Segment Start: Dataset records

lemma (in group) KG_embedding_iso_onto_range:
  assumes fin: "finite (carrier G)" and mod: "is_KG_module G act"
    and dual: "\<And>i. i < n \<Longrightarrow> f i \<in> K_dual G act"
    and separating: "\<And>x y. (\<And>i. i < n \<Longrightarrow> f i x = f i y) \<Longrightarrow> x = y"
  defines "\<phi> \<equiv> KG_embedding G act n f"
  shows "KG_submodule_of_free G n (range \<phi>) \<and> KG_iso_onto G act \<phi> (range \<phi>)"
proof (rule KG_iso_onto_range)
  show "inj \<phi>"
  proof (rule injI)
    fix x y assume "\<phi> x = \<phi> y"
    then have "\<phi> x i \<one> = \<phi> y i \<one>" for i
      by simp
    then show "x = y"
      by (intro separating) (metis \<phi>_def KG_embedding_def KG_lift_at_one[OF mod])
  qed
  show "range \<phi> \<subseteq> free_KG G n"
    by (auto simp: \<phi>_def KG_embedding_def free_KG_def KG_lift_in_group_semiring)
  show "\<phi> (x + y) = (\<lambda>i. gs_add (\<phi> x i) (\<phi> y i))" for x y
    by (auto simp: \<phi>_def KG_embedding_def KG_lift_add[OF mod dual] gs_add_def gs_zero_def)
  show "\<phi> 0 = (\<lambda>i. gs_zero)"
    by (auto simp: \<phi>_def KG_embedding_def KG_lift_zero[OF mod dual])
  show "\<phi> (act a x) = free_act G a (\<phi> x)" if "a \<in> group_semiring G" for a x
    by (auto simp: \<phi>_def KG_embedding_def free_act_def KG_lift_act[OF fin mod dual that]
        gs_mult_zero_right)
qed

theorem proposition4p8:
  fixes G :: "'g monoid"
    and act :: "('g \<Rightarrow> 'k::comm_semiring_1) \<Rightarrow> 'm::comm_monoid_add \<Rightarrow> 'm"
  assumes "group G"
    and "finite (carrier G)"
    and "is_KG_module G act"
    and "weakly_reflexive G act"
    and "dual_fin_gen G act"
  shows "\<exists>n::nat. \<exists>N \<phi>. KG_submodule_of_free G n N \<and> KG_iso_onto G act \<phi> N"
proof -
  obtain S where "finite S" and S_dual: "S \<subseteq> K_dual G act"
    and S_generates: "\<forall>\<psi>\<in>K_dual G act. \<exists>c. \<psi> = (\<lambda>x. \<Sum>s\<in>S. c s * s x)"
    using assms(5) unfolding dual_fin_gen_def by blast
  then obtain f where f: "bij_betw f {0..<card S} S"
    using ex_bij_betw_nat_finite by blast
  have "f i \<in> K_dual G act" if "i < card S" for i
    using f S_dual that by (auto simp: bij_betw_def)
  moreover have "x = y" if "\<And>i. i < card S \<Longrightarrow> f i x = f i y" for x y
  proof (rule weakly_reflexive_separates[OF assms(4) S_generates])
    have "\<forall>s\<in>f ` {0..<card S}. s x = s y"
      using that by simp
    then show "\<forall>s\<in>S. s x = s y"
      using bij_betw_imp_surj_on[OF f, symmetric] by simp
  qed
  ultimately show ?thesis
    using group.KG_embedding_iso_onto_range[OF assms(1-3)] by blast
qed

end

Segment End: Dataset records

→ What the exercise asks: Search the data above for the word "lambda". Copy each line it is in.

→ Completed task:
  show "\<phi> (x + y) = (\<lambda>i. gs_add (\<phi> x i) (\<phi> y i))" for x y
  show "\<phi> 0 = (\<lambda>i. gs_zero)"
    and S_generates: "\<forall>\<psi>\<in>K_dual G act. \<exists>c. \<psi> = (\<lambda>x. \<Sum>s\<in>S. c s * s x)"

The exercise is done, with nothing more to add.